> Exercise objective
If a line in the entries below contains "alpha", copy it.
──────── Recorded information ────────
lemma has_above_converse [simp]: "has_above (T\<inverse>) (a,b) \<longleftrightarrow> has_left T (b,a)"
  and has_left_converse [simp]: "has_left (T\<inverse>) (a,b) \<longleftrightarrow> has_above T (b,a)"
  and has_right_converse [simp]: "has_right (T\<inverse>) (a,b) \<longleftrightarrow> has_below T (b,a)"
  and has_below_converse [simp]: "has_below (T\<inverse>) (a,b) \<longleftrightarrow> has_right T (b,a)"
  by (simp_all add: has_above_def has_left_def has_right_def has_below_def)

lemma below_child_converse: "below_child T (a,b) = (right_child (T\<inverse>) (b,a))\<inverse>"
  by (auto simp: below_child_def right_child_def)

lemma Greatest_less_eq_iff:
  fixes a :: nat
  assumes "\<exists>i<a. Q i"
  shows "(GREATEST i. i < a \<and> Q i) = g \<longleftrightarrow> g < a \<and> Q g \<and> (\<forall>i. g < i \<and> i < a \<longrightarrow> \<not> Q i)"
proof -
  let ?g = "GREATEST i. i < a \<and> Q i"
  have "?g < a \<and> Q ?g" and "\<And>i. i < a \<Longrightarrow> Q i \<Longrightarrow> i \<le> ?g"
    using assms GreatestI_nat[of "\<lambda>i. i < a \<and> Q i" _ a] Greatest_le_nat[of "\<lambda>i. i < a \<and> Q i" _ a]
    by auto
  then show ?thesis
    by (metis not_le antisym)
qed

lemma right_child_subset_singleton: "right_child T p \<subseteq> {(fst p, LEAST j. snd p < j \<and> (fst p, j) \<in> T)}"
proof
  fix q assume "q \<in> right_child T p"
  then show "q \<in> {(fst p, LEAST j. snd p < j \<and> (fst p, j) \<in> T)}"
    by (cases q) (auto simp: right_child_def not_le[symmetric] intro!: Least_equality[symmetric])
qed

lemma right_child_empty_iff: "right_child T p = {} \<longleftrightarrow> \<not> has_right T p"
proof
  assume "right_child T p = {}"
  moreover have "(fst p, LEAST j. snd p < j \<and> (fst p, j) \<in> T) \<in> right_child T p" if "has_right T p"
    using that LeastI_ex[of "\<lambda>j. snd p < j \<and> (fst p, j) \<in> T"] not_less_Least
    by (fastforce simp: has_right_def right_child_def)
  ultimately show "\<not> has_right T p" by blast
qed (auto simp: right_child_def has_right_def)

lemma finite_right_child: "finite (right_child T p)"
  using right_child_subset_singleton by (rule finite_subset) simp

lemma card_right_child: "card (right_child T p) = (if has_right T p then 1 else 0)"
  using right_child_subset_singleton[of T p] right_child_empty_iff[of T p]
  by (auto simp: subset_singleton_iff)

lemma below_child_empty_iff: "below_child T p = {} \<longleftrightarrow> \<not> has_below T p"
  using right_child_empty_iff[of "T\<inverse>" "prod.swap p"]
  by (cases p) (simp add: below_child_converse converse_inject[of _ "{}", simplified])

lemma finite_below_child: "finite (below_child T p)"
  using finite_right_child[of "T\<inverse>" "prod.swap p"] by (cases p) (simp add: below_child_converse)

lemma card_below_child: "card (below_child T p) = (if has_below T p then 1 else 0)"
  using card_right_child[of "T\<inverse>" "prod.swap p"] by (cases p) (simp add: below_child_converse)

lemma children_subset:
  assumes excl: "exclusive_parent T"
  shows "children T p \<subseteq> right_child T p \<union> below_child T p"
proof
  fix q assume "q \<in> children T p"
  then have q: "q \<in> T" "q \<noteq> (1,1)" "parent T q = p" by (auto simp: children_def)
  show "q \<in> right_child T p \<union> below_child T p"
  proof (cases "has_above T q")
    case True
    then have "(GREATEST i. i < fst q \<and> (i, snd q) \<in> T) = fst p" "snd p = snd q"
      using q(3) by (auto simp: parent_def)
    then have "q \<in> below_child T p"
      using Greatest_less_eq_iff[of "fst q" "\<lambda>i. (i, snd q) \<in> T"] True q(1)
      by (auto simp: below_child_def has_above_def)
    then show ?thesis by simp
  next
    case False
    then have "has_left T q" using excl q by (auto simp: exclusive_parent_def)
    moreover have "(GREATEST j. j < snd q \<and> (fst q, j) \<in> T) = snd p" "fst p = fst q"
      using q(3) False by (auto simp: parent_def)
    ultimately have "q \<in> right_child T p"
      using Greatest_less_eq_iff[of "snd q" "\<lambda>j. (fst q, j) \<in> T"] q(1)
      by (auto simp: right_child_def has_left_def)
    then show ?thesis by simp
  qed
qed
────────
──────── Recorded information ────────
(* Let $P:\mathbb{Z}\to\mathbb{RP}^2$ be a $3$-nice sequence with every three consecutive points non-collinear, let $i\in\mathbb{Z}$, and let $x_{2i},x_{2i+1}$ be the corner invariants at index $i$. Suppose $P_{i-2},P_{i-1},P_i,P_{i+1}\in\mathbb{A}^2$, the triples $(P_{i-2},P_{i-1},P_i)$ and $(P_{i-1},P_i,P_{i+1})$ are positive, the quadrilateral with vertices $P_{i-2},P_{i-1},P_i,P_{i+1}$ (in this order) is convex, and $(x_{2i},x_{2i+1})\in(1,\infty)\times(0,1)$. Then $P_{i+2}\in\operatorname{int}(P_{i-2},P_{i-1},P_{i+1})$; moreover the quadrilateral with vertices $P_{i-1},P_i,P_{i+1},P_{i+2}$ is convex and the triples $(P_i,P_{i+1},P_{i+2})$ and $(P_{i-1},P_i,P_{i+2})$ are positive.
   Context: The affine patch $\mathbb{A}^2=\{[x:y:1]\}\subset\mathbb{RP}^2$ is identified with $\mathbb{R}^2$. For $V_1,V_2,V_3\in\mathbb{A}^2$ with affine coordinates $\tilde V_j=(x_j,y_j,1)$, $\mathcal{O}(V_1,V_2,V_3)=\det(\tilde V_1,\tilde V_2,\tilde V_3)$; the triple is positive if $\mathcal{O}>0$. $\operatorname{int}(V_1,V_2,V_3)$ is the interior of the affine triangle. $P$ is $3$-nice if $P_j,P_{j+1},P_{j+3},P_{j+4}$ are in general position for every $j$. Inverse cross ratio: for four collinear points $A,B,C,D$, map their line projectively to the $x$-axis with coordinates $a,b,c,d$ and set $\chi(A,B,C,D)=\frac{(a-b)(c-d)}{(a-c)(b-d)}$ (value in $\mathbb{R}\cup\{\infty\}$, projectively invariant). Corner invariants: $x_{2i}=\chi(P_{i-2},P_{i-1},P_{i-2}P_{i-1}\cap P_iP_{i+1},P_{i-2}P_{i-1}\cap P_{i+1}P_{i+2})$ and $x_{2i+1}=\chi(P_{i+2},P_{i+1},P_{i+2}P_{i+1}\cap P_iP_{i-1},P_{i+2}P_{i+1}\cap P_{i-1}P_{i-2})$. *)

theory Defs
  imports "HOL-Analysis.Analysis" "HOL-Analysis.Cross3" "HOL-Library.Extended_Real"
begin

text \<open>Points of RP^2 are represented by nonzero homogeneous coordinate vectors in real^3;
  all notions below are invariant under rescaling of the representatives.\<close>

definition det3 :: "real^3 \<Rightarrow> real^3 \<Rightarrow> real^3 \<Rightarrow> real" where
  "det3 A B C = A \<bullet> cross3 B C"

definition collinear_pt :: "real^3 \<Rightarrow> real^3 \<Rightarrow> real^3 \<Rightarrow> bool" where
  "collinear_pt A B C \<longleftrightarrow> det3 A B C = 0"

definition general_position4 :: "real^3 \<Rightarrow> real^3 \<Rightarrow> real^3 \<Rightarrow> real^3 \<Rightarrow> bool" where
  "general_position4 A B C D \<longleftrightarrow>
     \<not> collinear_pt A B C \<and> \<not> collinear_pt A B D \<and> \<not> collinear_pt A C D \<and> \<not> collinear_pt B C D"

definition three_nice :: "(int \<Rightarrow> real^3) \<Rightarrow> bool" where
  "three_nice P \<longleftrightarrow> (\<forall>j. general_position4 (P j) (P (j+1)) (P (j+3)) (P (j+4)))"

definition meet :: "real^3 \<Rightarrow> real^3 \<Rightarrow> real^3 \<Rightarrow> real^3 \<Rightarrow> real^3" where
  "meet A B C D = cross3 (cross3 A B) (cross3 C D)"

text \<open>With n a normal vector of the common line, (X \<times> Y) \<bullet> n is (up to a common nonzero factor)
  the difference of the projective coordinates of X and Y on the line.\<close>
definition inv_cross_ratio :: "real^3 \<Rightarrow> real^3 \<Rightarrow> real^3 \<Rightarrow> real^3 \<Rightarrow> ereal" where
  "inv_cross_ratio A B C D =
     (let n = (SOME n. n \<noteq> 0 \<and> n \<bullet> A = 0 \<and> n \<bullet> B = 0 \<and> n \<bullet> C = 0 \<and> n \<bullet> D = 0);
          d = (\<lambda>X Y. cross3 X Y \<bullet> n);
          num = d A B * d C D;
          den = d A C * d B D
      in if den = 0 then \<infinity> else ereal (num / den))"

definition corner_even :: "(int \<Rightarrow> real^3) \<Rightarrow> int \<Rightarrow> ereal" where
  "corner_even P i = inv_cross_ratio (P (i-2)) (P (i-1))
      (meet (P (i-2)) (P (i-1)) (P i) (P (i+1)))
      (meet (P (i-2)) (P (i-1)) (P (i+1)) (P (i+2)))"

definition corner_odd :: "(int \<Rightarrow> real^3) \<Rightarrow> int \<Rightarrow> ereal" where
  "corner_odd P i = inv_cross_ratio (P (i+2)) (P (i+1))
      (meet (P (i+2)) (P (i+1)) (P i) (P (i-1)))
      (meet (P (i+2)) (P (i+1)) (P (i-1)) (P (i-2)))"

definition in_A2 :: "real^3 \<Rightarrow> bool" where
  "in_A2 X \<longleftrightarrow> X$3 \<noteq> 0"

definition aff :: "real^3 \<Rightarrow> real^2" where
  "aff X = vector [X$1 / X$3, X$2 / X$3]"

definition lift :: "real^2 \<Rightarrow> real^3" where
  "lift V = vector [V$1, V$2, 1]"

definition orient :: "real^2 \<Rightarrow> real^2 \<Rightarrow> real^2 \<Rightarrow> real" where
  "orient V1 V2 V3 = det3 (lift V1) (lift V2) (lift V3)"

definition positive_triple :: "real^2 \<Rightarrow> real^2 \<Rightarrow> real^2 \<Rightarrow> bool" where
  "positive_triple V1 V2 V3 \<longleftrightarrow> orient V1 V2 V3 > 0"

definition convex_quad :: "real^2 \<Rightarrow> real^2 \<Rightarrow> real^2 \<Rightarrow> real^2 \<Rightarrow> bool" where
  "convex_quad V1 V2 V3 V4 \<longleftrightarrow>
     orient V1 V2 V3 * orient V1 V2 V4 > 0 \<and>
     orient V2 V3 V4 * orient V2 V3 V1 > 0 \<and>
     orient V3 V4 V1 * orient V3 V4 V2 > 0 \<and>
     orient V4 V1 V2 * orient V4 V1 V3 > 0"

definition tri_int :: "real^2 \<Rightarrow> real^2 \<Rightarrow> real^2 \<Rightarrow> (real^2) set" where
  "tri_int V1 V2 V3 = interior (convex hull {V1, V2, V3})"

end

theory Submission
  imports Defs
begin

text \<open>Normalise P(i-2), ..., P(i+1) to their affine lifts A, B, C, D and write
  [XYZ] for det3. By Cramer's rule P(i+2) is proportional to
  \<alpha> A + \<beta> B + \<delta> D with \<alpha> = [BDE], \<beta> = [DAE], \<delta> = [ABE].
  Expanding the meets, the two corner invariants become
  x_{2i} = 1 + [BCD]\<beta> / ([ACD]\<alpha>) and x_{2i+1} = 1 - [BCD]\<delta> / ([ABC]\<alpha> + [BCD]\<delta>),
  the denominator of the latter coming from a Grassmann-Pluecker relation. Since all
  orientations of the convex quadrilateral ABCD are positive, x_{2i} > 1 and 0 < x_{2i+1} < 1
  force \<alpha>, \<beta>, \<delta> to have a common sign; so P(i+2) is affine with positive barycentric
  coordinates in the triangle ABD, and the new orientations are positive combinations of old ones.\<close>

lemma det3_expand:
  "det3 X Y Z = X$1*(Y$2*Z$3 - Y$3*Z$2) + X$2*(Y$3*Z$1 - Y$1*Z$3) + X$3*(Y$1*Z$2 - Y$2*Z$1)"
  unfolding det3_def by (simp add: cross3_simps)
────────
> Response area
  \<alpha> A + \<beta> B + \<delta> D with \<alpha> = [BDE], \<beta> = [DAE], \<delta> = [ABE].
  x_{2i} = 1 + [BCD]\<beta> / ([ACD]\<alpha>) and x_{2i+1} = 1 - [BCD]\<delta> / ([ABC]\<alpha> + [BCD]\<delta>),
  force \<alpha>, \<beta>, \<delta> to have a common sign; so P(i+2) is affine with positive barycentric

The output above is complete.